Data for this task |

★ ★ ★

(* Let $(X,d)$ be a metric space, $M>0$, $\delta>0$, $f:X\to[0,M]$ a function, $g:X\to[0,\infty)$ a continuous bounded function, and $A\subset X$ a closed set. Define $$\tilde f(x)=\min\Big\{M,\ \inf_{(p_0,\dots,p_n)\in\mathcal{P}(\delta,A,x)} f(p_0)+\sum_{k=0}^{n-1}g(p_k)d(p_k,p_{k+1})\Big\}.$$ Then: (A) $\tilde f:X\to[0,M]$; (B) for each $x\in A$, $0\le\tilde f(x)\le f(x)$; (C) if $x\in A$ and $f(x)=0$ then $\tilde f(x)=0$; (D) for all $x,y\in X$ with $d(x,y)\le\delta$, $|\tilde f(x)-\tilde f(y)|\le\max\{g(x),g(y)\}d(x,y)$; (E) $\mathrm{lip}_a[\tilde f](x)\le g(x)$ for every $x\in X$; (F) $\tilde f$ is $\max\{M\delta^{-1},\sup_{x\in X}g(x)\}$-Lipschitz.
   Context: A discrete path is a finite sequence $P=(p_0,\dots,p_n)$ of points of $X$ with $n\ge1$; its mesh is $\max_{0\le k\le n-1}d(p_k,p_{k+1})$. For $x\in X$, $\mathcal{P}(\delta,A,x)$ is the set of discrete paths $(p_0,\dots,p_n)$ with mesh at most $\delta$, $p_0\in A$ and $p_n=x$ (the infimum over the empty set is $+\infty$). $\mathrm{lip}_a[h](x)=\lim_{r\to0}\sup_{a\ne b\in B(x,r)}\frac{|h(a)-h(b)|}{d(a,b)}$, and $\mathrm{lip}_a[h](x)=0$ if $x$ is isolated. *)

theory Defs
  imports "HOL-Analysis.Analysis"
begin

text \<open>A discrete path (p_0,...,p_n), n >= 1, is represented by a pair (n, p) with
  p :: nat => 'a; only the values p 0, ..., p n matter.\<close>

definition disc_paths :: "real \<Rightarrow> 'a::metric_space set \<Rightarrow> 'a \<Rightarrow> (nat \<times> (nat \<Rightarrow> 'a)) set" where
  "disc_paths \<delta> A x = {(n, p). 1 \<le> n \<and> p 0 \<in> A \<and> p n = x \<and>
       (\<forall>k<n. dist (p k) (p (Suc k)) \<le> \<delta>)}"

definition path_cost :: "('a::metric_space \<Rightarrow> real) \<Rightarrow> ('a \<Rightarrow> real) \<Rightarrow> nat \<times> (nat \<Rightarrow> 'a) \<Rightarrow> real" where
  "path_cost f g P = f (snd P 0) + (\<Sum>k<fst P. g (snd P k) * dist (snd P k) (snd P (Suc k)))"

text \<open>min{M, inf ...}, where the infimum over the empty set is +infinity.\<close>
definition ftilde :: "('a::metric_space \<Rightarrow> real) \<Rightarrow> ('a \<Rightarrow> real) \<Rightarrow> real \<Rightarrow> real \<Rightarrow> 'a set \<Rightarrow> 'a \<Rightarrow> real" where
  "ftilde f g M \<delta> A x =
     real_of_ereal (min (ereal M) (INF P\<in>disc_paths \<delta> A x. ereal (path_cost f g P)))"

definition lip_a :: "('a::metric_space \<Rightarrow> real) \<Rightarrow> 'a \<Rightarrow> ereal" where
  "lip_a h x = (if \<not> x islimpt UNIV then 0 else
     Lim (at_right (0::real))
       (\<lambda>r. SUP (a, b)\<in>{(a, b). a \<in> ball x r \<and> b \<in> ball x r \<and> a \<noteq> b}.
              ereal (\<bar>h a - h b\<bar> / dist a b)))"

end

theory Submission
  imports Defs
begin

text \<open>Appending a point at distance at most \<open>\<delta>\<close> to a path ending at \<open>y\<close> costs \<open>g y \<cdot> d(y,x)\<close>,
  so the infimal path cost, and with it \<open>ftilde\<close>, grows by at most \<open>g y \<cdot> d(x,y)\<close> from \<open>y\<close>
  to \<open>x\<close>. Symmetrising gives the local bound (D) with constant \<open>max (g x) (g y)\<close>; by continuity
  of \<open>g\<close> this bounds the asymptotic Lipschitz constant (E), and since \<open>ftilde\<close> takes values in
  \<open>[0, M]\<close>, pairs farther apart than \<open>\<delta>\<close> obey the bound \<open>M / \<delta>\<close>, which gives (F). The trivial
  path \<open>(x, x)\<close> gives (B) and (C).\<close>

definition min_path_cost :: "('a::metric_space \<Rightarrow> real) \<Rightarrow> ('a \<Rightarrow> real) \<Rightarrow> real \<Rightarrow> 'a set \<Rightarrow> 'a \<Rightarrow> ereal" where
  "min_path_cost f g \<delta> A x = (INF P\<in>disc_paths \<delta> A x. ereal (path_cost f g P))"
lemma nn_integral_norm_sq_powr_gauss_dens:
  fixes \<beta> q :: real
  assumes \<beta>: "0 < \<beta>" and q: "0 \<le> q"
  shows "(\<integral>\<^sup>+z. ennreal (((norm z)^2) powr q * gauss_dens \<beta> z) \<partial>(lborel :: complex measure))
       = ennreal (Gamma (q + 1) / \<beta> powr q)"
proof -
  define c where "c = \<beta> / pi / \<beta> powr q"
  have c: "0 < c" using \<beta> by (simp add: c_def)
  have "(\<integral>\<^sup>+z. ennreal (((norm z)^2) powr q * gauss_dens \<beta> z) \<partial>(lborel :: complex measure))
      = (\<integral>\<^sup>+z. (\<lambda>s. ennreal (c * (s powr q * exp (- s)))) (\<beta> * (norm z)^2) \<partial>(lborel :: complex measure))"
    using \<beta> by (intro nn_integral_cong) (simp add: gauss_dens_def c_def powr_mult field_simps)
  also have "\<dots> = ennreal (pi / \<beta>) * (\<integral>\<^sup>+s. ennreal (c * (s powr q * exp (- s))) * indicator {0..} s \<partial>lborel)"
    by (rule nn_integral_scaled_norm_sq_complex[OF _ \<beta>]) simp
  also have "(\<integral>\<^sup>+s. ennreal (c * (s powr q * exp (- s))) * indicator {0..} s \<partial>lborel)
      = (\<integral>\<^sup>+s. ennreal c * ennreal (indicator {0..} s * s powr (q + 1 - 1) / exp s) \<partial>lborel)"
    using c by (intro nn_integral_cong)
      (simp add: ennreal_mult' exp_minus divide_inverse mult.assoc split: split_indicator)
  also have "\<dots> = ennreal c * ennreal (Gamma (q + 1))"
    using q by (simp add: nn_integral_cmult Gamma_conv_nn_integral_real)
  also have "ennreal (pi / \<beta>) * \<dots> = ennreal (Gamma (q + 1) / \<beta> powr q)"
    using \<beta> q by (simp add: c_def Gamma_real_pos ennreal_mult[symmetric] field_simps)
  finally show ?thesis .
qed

★ ★ ★

What you need to do | Retype the records above, but only those lines that fall between the line containing "p :: nat => 'a;" and the line containing "real_of_ereal (min (ereal", with both of those lines included, exactly as written.

Exercise response |
  p :: nat => 'a; only the values p 0, ..., p n matter.\<close>

definition disc_paths :: "real \<Rightarrow> 'a::metric_space set \<Rightarrow> 'a \<Rightarrow> (nat \<times> (nat \<Rightarrow> 'a)) set" where
  "disc_paths \<delta> A x = {(n, p). 1 \<le> n \<and> p 0 \<in> A \<and> p n = x \<and>
       (\<forall>k<n. dist (p k) (p (Suc k)) \<le> \<delta>)}"

definition path_cost :: "('a::metric_space \<Rightarrow> real) \<Rightarrow> ('a \<Rightarrow> real) \<Rightarrow> nat \<times> (nat \<Rightarrow> 'a) \<Rightarrow> real" where
  "path_cost f g P = f (snd P 0) + (\<Sum>k<fst P. g (snd P k) * dist (snd P k) (snd P (Suc k)))"

text \<open>min{M, inf ...}, where the infimum over the empty set is +infinity.\<close>
definition ftilde :: "('a::metric_space \<Rightarrow> real) \<Rightarrow> ('a \<Rightarrow> real) \<Rightarrow> real \<Rightarrow> real \<Rightarrow> 'a set \<Rightarrow> 'a \<Rightarrow> real" where
  "ftilde f g M \<delta> A x =
     real_of_ereal (min (ereal M) (INF P\<in>disc_paths \<delta> A x. ereal (path_cost f g P)))"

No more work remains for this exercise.